## ASSIGNMENT
Write out the line that contains "nat and tau" and every line after it through the end of the entries, exactly as given and with no other lines.

## INFORMATION PROVIDED
******
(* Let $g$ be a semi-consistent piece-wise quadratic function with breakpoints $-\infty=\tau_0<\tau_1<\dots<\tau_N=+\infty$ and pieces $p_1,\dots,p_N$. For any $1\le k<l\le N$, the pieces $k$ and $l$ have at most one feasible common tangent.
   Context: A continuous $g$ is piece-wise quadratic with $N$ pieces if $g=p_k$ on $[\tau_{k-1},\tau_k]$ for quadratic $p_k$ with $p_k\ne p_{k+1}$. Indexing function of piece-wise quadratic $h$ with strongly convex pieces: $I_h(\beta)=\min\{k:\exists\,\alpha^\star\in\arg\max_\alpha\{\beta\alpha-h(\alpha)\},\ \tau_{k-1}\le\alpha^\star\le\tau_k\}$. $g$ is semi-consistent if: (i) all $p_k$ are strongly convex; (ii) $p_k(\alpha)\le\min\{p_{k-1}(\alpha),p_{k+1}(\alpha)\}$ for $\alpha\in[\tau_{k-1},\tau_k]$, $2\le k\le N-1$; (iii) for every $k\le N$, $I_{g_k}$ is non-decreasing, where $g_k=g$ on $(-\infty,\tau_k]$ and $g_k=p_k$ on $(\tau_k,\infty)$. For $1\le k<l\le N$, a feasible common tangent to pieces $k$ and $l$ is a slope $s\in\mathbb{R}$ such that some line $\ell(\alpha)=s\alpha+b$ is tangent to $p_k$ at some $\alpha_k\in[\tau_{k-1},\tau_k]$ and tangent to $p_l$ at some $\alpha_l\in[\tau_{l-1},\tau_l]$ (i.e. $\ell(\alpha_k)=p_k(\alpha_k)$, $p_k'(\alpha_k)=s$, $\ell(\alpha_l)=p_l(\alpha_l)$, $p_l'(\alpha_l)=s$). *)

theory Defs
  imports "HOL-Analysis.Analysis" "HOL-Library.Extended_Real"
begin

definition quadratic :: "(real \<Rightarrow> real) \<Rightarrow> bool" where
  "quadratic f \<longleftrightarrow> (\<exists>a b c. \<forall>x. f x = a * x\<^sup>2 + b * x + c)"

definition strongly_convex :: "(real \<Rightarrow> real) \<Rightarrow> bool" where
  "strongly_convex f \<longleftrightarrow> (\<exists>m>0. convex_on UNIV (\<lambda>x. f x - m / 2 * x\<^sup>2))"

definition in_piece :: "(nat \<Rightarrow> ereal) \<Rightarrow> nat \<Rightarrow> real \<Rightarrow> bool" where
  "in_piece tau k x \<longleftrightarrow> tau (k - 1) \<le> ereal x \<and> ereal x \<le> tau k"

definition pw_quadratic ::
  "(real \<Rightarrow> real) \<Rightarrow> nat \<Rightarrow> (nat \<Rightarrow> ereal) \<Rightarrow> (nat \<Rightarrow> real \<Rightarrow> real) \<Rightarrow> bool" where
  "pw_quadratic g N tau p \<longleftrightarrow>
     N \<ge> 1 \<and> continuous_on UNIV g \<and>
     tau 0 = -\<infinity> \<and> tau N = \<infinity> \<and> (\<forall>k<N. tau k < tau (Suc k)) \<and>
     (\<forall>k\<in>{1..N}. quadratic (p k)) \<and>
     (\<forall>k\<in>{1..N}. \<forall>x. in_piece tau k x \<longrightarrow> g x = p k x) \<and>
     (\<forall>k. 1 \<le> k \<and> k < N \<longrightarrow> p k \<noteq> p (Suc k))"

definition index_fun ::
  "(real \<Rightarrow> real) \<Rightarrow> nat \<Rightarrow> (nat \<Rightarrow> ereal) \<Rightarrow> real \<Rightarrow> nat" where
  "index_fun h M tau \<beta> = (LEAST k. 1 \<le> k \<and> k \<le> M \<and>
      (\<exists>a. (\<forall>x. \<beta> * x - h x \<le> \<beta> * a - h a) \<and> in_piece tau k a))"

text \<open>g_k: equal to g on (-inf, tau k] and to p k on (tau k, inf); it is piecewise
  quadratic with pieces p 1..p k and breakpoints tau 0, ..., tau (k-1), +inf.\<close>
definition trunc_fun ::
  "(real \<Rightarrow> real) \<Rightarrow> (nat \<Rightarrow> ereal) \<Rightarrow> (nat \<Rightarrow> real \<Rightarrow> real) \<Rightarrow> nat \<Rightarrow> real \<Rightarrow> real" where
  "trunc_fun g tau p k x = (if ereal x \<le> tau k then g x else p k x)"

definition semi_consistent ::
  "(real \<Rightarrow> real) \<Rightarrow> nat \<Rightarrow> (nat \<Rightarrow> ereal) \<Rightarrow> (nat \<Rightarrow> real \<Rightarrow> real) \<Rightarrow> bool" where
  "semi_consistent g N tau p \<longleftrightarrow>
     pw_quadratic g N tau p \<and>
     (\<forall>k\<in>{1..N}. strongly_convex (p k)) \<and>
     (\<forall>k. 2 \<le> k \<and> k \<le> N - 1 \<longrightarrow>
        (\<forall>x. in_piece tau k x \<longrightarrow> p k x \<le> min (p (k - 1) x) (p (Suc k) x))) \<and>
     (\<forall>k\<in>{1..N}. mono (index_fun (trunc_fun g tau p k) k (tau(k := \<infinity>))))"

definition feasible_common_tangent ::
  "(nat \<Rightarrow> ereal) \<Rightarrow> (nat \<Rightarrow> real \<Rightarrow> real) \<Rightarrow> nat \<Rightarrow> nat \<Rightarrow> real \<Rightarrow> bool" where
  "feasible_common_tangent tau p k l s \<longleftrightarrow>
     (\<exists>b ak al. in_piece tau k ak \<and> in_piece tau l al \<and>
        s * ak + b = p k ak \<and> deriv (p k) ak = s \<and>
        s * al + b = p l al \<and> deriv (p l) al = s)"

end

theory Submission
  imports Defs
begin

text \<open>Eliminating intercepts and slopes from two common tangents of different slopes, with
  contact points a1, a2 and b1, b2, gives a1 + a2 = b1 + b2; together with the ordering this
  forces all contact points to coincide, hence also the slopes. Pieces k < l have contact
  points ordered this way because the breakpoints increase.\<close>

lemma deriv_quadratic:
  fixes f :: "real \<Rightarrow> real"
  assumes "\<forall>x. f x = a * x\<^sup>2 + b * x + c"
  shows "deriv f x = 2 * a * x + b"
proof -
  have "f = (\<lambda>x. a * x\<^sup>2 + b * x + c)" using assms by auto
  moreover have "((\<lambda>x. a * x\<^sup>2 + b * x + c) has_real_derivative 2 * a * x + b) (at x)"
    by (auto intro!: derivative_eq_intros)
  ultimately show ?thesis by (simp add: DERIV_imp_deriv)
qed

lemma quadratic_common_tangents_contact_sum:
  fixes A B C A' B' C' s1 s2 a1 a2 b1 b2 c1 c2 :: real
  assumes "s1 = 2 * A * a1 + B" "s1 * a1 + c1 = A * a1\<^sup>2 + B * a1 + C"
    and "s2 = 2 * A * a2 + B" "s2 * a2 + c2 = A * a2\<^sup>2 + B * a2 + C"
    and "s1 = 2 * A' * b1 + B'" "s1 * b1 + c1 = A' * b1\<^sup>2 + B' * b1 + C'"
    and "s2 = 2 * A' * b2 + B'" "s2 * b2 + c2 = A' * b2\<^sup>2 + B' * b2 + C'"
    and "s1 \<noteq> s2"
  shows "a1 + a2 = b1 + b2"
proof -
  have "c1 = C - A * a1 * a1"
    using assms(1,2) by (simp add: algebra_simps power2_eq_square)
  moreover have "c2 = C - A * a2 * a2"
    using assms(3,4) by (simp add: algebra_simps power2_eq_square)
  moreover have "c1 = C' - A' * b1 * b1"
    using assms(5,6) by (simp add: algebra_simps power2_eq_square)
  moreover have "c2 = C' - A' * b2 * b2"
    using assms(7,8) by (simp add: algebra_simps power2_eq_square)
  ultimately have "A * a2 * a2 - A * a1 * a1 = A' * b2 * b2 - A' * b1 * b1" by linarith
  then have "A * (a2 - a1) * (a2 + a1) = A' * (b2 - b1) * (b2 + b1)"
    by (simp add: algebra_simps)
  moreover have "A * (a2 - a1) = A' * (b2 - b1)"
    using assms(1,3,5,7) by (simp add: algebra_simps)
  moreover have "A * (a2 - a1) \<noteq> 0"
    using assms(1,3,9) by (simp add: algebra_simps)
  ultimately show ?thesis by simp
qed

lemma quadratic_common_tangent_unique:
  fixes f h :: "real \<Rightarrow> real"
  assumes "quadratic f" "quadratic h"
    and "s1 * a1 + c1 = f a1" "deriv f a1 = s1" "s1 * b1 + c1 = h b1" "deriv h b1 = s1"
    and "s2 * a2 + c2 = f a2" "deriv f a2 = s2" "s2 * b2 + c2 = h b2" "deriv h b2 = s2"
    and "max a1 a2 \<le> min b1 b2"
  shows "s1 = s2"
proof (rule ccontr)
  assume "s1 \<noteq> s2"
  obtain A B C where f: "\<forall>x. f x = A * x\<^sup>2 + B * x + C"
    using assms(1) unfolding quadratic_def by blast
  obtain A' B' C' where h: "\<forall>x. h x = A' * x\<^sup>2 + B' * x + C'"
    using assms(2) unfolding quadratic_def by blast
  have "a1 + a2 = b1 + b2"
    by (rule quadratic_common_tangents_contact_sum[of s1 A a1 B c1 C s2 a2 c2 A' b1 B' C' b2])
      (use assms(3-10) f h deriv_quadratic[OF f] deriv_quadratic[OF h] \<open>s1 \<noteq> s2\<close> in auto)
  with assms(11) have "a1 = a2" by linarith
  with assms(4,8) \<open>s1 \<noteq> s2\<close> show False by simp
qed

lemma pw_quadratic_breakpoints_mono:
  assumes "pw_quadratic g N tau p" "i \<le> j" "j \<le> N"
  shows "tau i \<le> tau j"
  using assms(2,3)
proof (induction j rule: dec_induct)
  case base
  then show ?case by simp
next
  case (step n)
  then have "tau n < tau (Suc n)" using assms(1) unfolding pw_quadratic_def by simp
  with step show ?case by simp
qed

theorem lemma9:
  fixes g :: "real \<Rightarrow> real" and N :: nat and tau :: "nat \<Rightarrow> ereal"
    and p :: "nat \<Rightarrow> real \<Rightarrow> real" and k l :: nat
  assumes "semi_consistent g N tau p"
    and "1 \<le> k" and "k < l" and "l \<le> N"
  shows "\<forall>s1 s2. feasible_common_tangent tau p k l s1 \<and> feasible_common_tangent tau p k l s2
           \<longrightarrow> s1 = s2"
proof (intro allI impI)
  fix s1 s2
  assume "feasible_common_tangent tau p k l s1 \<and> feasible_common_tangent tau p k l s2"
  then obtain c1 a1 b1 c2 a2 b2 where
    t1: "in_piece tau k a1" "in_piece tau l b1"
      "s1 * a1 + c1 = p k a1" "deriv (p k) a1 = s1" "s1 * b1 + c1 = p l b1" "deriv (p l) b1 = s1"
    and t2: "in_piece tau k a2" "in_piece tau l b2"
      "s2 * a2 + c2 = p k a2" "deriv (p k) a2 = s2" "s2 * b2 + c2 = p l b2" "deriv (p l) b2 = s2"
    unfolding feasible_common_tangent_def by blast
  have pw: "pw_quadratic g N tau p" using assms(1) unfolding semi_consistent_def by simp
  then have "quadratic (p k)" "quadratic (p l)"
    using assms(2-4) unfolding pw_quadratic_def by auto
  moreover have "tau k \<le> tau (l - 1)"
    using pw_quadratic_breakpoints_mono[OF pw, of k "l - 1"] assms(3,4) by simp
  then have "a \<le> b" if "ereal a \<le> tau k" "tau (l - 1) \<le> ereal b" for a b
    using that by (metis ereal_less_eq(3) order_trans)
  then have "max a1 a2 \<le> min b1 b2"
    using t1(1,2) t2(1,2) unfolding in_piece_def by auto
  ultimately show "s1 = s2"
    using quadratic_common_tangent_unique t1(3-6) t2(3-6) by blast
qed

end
******
## ANSWER SECTION
  fixes g :: "real \<Rightarrow> real" and N :: nat and tau :: "nat \<Rightarrow> ereal"
    and p :: "nat \<Rightarrow> real \<Rightarrow> real" and k l :: nat
  assumes "semi_consistent g N tau p"
    and "1 \<le> k" and "k < l" and "l \<le> N"
  shows "\<forall>s1 s2. feasible_common_tangent tau p k l s1 \<and> feasible_common_tangent tau p k l s2
           \<longrightarrow> s1 = s2"
proof (intro allI impI)
  fix s1 s2
  assume "feasible_common_tangent tau p k l s1 \<and> feasible_common_tangent tau p k l s2"
  then obtain c1 a1 b1 c2 a2 b2 where
    t1: "in_piece tau k a1" "in_piece tau l b1"
      "s1 * a1 + c1 = p k a1" "deriv (p k) a1 = s1" "s1 * b1 + c1 = p l b1" "deriv (p l) b1 = s1"
    and t2: "in_piece tau k a2" "in_piece tau l b2"
      "s2 * a2 + c2 = p k a2" "deriv (p k) a2 = s2" "s2 * b2 + c2 = p l b2" "deriv (p l) b2 = s2"
    unfolding feasible_common_tangent_def by blast
  have pw: "pw_quadratic g N tau p" using assms(1) unfolding semi_consistent_def by simp
  then have "quadratic (p k)" "quadratic (p l)"
    using assms(2-4) unfolding pw_quadratic_def by auto
  moreover have "tau k \<le> tau (l - 1)"
    using pw_quadratic_breakpoints_mono[OF pw, of k "l - 1"] assms(3,4) by simp
  then have "a \<le> b" if "ereal a \<le> tau k" "tau (l - 1) \<le> ereal b" for a b
    using that by (metis ereal_less_eq(3) order_trans)
  then have "max a1 a2 \<le> min b1 b2"
    using t1(1,2) t2(1,2) unfolding in_piece_def by auto
  ultimately show "s1 = s2"
    using quadratic_common_tangent_unique t1(3-6) t2(3-6) by blast
qed

end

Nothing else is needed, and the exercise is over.